##### Record excerpts #####
theory Submission
  imports Defs
begin

text \<open>
  Let R = V(G) - (A \<union> B). Since |B - {b}| \<le> |A - {a}|, there is an involution \<rho> of V(G) exchanging
  a with b and B - {b} with a part C of A - {a}, and fixing R and Y = A - {a} - C, so |Y| = |A| - |B|.
  As A and B are independent classes of twins, \<rho> maps every edge of G - b to an edge of G - a,
  except the edges between B - {b} and Y. Composing with \<rho> the injective homomorphisms H \<rightarrow> G - b
  that use a, and keeping the others, therefore injects them into the injective homomorphisms
  H \<rightarrow> G - a, except for at most v(H) 2e(H) |B| |Y| n^(v(H)-3) bad maps. The image misses every
  homomorphism sending an edge wu of H to b and a vertex of Y. Extending the injective
  homomorphisms of H - {w, u} into the dense graph G[R] gives at least
  2e(H) |Y| (1 - O(\<delta> v(H)^2)) n^(v(H)-2) of these, while |B| \<le> |A| \<le> \<delta> n makes the bad maps a
  correction of the same order.
\<close>

section \<open>Counting maps\<close>

lemma card_PiE_pinned:
  assumes "finite S" "T \<subseteq> S" "\<And>z. z \<in> T \<Longrightarrow> F z \<subseteq> R"
  shows "card {\<phi> \<in> S \<rightarrow>\<^sub>E R. \<forall>z\<in>T. \<phi> z \<in> F z} = (\<Prod>z\<in>T. card (F z)) * card R ^ (card S - card T)"
proof -
  let ?F = "\<lambda>z. if z \<in> T then F z else R"
  have "{\<phi> \<in> S \<rightarrow>\<^sub>E R. \<forall>z\<in>T. \<phi> z \<in> F z} = PiE S ?F"
    using assms by (fastforce simp: PiE_iff extensional_def split: if_split_asm)
  also have "card \<dots> = (\<Prod>z\<in>S - T. card R) * (\<Prod>z\<in>T. card (F z))"
    using assms by (simp add: card_PiE prod.subset_diff[of T S])
  finally show ?thesis
    using assms by (simp add: card_Diff_subset finite_subset)
qed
#####
What is asked for is an exact copy of the lines above from the one containing "using assms by (fastforce" through the one containing "finally show ?thesis", and only those.

    using assms by (fastforce simp: PiE_iff extensional_def split: if_split_asm)
  also have "card \<dots> = (\<Prod>z\<in>S - T. card R) * (\<Prod>z\<in>T. card (F z))"
    using assms by (simp add: card_PiE prod.subset_diff[of T S])
  finally show ?thesis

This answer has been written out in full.